Sloan had started work on a Ph.D. in seventeenth century English Puritanism but soon found he was missing New Testament studies, the area he began to believe was his call. They moved to West Germany and worked as house parents in a dorm for missionary kids so that he could begin studying across the border at the University of Basel in Switzerland. He remembers, with obvious joy, gatherings during those years with fellow students in the home of his adviser, Swedish New Testament scholar Bo (pronounced Boo) Reicke. Sloan received his Doctor of Theology degree in 1978. 

He accepted the call to become a pastor of the First Baptist Church of Roscoe, Texas, upon returning to the U.S. and served there until 1980, when he accepted the teaching post at Southwestern.

He and Sue, a special education teacher in a resource school for disadvantaged girls, have seven children – Charissa, 19 (a Baylor pre-med and German major); Bryan III, 17; Eraina, 16; Michael, 14; Alathea, 12; Sophia, 9; and Paul, 6.

“When Sue and I look back on our lives, the time at Princeton – and in the East – and the four years in Europe were the decisive, formative times for us. In essence, we lived constantly in another culture for seven years. It has, in the words of Frost, ‘made all the difference,’” Sloan said.

Now he is looking forward, with a bit of awe, at the challenge ahead. “I have a sense that Truett Seminary has a unique opportunity to be a significant voice for Baptists and American Christianity, for several reasons.

“The circumstances of Baptist life in the last fifteen years – the controversy, Baylor’s unique role in all of this, the near disarray in theological education in America, and the rapidity of change in modern culture – all of these combine to give us a unique opportunity to make a special contribution to the world.

“It’s not an emotional high I feel these days so much as a sense of awe. I’m a bit overwhelmed by the task that lies ahead; it’s bigger than any one person can handle. Like any thoroughly Christian task, it truly cannot be done in human terms but requires faith, risk, obedience, and dependence on God. I move forward with a sense of responsibility as a steward of this opportunity for the Lord’s work, for Baptists, and for Baylor,” he said.

How does he answer those who want to know the theological flavor of the new seminary? Conservative? Moderate?

“It depends upon your sphere of inquiry,” he says carefully. “We will be conservative and confessional in the sense that we believe in Jesus Christ, the risen Savior, as the source of salvation. We believe in preaching the Gospel and that the Bible is the Word of God.

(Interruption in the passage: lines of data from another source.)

definition cyclic_digraph :: "'a set \<Rightarrow> ('a \<Rightarrow> 'a \<Rightarrow> 'a \<Rightarrow> bool) \<Rightarrow> ('a \<Rightarrow> 'a \<Rightarrow> bool) \<Rightarrow> bool" where
  "cyclic_digraph V cyc D \<longleftrightarrow>
     (\<forall>x y. D x y \<longrightarrow> x \<in> V \<and> y \<in> V \<and> x \<noteq> y \<and> \<not> D y x) \<and>
     (\<forall>x\<in>V. \<forall>y\<in>V. \<forall>z\<in>V. cyc x y z \<and> D x z \<longrightarrow> D x y \<and> D y z)"

definition is_cyclic_graph :: "'a set \<Rightarrow> ('a \<Rightarrow> 'a \<Rightarrow> 'a \<Rightarrow> bool) \<Rightarrow> ('a \<Rightarrow> 'a \<Rightarrow> bool) \<Rightarrow> bool" where
  "is_cyclic_graph V cyc E \<longleftrightarrow>
     (\<exists>D. cyclic_digraph V cyc D \<and> (\<forall>x y. E x y \<longleftrightarrow> D x y \<or> D y x))"

definition is_cone :: "'a set \<Rightarrow> ('a \<Rightarrow> 'a \<Rightarrow> bool) \<Rightarrow> bool" where
  "is_cone V E \<longleftrightarrow> (\<exists>v\<in>V. \<forall>w\<in>V. w \<noteq> v \<longrightarrow> E v w)"

end

theory Submission
  imports Defs
begin

text \<open>For a point p of the curve, the distance to p has no strict local minimum in the
  interior of the arc from p around to p. Otherwise a point x just outside the convex hull
  and close to p would have a locally nearest point q on that arc, and x lies on the normal
  line at q. The evolute hypothesis forces x to the outer side of the tangent at q, which
  makes q nearer than x to every point of the curve, p included; this is absurd since x is
  arbitrarily close to p.

  If VR(C;r) is not a cone,
  every point has a partner at distance greater than r, and a connectedness argument shows
  that for every edge {x, y} exactly one of the two arcs between x and y has diameter at
  most r. Orienting each edge along that arc yields a cyclic graph.\<close>

lemma has_real_derivative_inner:
  fixes f g :: "real \<Rightarrow> 'a::real_inner"
  assumes "(f has_vector_derivative f') (at t)" "(g has_vector_derivative g') (at t)"
  shows "((\<lambda>u. f u \<bullet> g u) has_real_derivative f' \<bullet> g t + f t \<bullet> g') (at t)"
  using has_derivative_inner[OF assms[unfolded has_vector_derivative_def]]
  unfolding has_field_derivative_def
  by (rule has_derivative_eq_rhs) (auto simp: fun_eq_iff algebra_simps inner_commute)

lemma orthonormal_pair_expand:
  fixes u v w :: "'a::euclidean_space"
  assumes dim: "DIM('a) = 2" and "norm u = 1" "norm v = 1" "u \<bullet> v = 0"
  shows "w = (w \<bullet> u) *\<^sub>R u + (w \<bullet> v) *\<^sub>R v"
proof -
  have uv: "u \<noteq> v" "pairwise orthogonal {u, v}"
    using assms by (auto simp: pairwise_insert orthogonal_def inner_commute)
  have "independent {u, v}"
    using assms uv by (intro pairwise_orthogonal_independent) auto
  then have "UNIV \<subseteq> span {u, v}"
    using dim uv(1) by (intro card_ge_dim_independent) auto
  then have "(\<Sum>i\<in>{u, v}. (w \<bullet> i) *\<^sub>R i) = w"
    using assms uv by (intro orthonormal_basis_expand) auto
  then show ?thesis using uv(1) by simp
qed

lemma DERIV_sign_change_imp_decreasing_right:
  fixes f h c :: "real \<Rightarrow> real"
  assumes f: "\<And>u. (f has_real_derivative c u * h u) (at u)" and c: "\<And>u. c u > 0"
    and h: "(h has_real_derivative h') (at t)" "h t = 0" "h' < 0" and "d > 0"
  shows "\<exists>u. t < u \<and> u < t + d \<and> f u < f t"
proof -
  obtain e where e: "e > 0" "\<And>k. 0 < k \<Longrightarrow> k < e \<Longrightarrow> h (t + k) < h t"
    using DERIV_neg_dec_right[OF h(1,3)] by blast
  define b where "b = t + min d e / 2"
  have b: "t < b" "b < t + d" "b < t + e" using \<open>d > 0\<close> e(1) by (auto simp: b_def)
  obtain z where z: "t < z" "z < b" "f b - f t = (b - t) * (c z * h z)"
    using MVT2[OF b(1) f] by blast
  have "h z < 0" using e(2)[of "z - t"] z b h(2) by simp
  then have "c z * h z < 0" using c by (simp add: mult_pos_neg)
  then have "(b - t) * (c z * h z) < 0" using b by (simp add: mult_pos_neg)
  then have "f b < f t" using z by linarith
  then show ?thesis using b by blast
qed

locale periodic_loop =
  fixes \<alpha> :: "real \<Rightarrow> 'a" and L :: real
  assumes period_pos: "0 < L"
    and periodic: "\<alpha> (t + L) = \<alpha> t"
begin

lemma periodic_minus: "\<alpha> (t - L) = \<alpha> t"
  using periodic[of "t - L"] by simp

lemma periodic_int: "\<alpha> (t + of_int k * L) = \<alpha> t"
proof (induction k rule: int_induct[where k = 0])
  case (step1 i)
  then show ?case using periodic[of "t + of_int i * L"] by (simp add: algebra_simps)
next
  case (step2 i)
  then show ?case using periodic_minus[of "t + of_int i * L"] by (simp add: algebra_simps)
qed simp

lemma shift_into_period: "\<exists>k::int. s \<le> t + of_int k * L \<and> t + of_int k * L < s + L"
proof -
  define k where "k = - \<lfloor>(t - s) / L\<rfloor>"
  have "of_int \<lfloor>(t - s) / L\<rfloor> * L \<le> t - s" "t - s < (of_int \<lfloor>(t - s) / L\<rfloor> + 1) * L"
    using period_pos floor_divide_lower floor_divide_upper by blast+
  then show ?thesis by (intro exI[of _ k]) (simp add: k_def algebra_simps)
qed

lemma param_in_period: "\<exists>t'. s \<le> t' \<and> t' < s + L \<and> \<alpha> t' = \<alpha> t"
  using shift_into_period[of s t] periodic_int by metis

lemma range_eq_image_period: "range \<alpha> = \<alpha> ` {s..s + L}"
proof -
  have "\<alpha> t \<in> \<alpha> ` {s..s + L}" for t
    using param_in_period[of s t] by (metis atLeastAtMost_iff image_eqI less_imp_le)
  then show ?thesis by blast
qed

end

locale simple_loop = periodic_loop +
  assumes simple: "a < b \<Longrightarrow> b < a + L \<Longrightarrow> \<alpha> a \<noteq> \<alpha> b"
begin

lemma param_eq_shift:
  assumes "\<alpha> a = \<alpha> b"
  obtains k :: int where "b = a + of_int k * L"
proof -
  obtain k :: int where k: "a \<le> b + of_int k * L" "b + of_int k * L < a + L"
    using shift_into_period by blast
  have "\<alpha> a = \<alpha> (b + of_int k * L)" using assms periodic_int by simp
  then have "b + of_int k * L = a" using simple[of a "b + of_int k * L"] k by fastforce
  then show thesis using that[of "- k"] by (simp add: algebra_simps)
qed

lemma param_unique_in_period:
  assumes "a \<in> {s..<s + L}" "b \<in> {s..<s + L}" "\<alpha> a = \<alpha> b"
  shows "a = b"
  using simple[of a b] simple[of b a] assms by (cases a b rule: linorder_cases) auto

end

lemma closed_param_imp_simple_loop:
  assumes "closed_param \<alpha> L"
  shows "simple_loop \<alpha> L"
proof -
  interpret periodic_loop \<alpha> L
    using assms by unfold_locales (auto simp: closed_param_def)
  have inj: "inj_on \<alpha> {0..<L}" using assms by (simp add: closed_param_def)
  show ?thesis
  proof unfold_locales
    fix a b assume ab: "a < b" "b < a + L"
    obtain k :: int where k: "0 \<le> a + of_int k * L" "a + of_int k * L < L"
      using shift_into_period by fastforce
    define a' b' where "a' = a + of_int k * L" and "b' = b + of_int k * L"
    show "\<alpha> a \<noteq> \<alpha> b"
    proof
      assume "\<alpha> a = \<alpha> b"
      then have eq: "\<alpha> a' = \<alpha> b'" "\<alpha> a' = \<alpha> (b' - L)"
        by (simp_all add: a'_def b'_def periodic_int periodic_minus)
      show False
      proof (cases "b' < L")
        case True
        then show False using inj_onD[OF inj eq(1)] k ab by (simp add: a'_def b'_def)
      next
        case False
        then show False using inj_onD[OF inj eq(2)] k ab by (simp add: a'_def b'_def)
      qed
    qed
  qed
qed

locale quasiconcave_loop = simple_loop \<alpha> L for \<alpha> :: "real \<Rightarrow> 'a::metric_space" and L +
  assumes continuous: "continuous_on UNIV \<alpha>"
    and dist_quasiconcave: "s < t1 \<Longrightarrow> t1 < t2 \<Longrightarrow> t2 < t3 \<Longrightarrow> t3 < s + L \<Longrightarrow>
      min (dist (\<alpha> s) (\<alpha> t1)) (dist (\<alpha> s) (\<alpha> t3)) \<le> dist (\<alpha> s) (\<alpha> t2)"
begin

lemma quasiconcave_loop_reversed: "quasiconcave_loop (\<lambda>t. \<alpha> (- t)) L"
proof unfold_locales
  show "0 < L" by (rule period_pos)
  show "\<alpha> (- (t + L)) = \<alpha> (- t)" for t using periodic_minus[of "- t"] by simp
  show "\<alpha> (- a) \<noteq> \<alpha> (- b)" if "a < b" "b < a + L" for a b
    using simple[of "- b" "- a"] that by auto
  show "continuous_on UNIV (\<lambda>t. \<alpha> (- t))"
    by (intro continuous_on_compose2[OF continuous] continuous_intros) auto
  fix s t1 t2 t3 assume "s < t1" "t1 < t2" "t2 < t3" "t3 < s + L"
  then have "min (dist (\<alpha> (- s - L)) (\<alpha> (- t3))) (dist (\<alpha> (- s - L)) (\<alpha> (- t1)))
      \<le> dist (\<alpha> (- s - L)) (\<alpha> (- t2))"
    by (intro dist_quasiconcave) auto
  then show "min (dist (\<alpha> (- s)) (\<alpha> (- t1))) (dist (\<alpha> (- s)) (\<alpha> (- t3))) \<le> dist (\<alpha> (- s)) (\<alpha> (- t2))"
    using periodic_minus[of "- s"] by (simp add: min.commute)
qed

end

locale VR_loop = quasiconcave_loop +
  fixes r :: real
  assumes radius_nonneg: "0 \<le> r"
begin

declare periodic [simp] periodic_minus [simp]

abbreviation far :: "real \<Rightarrow> real \<Rightarrow> bool" where
  "far s t \<equiv> r < dist (\<alpha> s) (\<alpha> t)"

lemma far_irrefl: "\<not> far s s"
  using radius_nonneg by simp

lemma far_between:
  assumes "s < t1" "t1 < t2" "t2 < t3" "t3 < s + L" "far s t1" "far s t3"
  shows "far s t2"
  using dist_quasiconcave[OF assms(1-4)] assms(5,6) by linarith

lemma open_far_before: "open {z. \<exists>w. z < w \<and> w < t \<and> far z w}"
  by (intro open_Collect_ex open_Collect_conj open_Collect_less continuous_intros
      continuous_on_compose2[OF continuous]) auto

lemma open_far_after: "open {z. \<exists>w. t < w \<and> w < z + L \<and> far z w}"
  by (intro open_Collect_ex open_Collect_conj open_Collect_less continuous_intros
      continuous_on_compose2[OF continuous]) auto

definition small_arc :: "real \<Rightarrow> real \<Rightarrow> bool" where
  "small_arc a b \<longleftrightarrow> (\<forall>p\<in>{a..b}. \<forall>q\<in>{a..b}. \<not> far p q)"

lemma small_arc_subarc: "small_arc a b \<Longrightarrow> a \<le> a' \<Longrightarrow> b' \<le> b \<Longrightarrow> small_arc a' b'"
  by (auto simp: small_arc_def)

lemma small_arc_shift: "small_arc (a + of_int k * L) (b + of_int k * L) \<longleftrightarrow> small_arc a b"
proof -
  have "(\<forall>p\<in>{a + of_int k * L..b + of_int k * L}. P p) \<longleftrightarrow> (\<forall>p\<in>{a..b}. P (p + of_int k * L))"
    for P :: "real \<Rightarrow> bool"
    by (metis add_le_cancel_right atLeastAtMost_iff diff_add_cancel)
  then show ?thesis by (simp add: small_arc_def periodic_int)
qed

lemma not_small_arc:
  assumes "\<not> small_arc a b"
  obtains p q where "a \<le> p" "p < q" "q \<le> b" "far p q"
proof -
  obtain p q where pq: "p \<in> {a..b}" "q \<in> {a..b}" "far p q"
    using assms unfolding small_arc_def by blast
  then have "p \<noteq> q" using far_irrefl by auto
  then show thesis
    using that[of p q] that[of q p] pq by (cases "p < q") (auto simp: dist_commute)
qed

“With respect to denominational relationships, or goal is to tie into Baptist history in its broad tradition. George Truett represents to me a commitment to religious and individual freedom expressed in a person of lively intellect and powerful biblical preaching. We also want to tie into the black and Hispanic Baptist experience in America as well.

“Chiefly, I want to avoid being a single-issue advocate. Single issues will divide us, if we allow them. We are committed to focusing on the centrality of preaching Christ.”

In mid-July President Reynold’s enthusiasm for the new venture was not daunted by the Texas heat. He was about to mail to the university regents a “Bear-Gram” message containing a quotation attributed to George Marsden, which he said he felt spoke eloquently to their decision to activate the George W. Truett Theological Seminary:

“If religious groups want to have short-term impact, they should concentrate on the practical; if they want to have long-term influence as well, they should also invest resources in building centers for constructive Christian intellectual life. The two are not mutually exclusive.

“The Puritans were second to none in practical piety and in practical culture-building. Intellectual centers without such a practical spirituality would be arid and of little use. But without true intellectual centers, religious movements may burn brightly for a time, only to fade too often into obscurity.”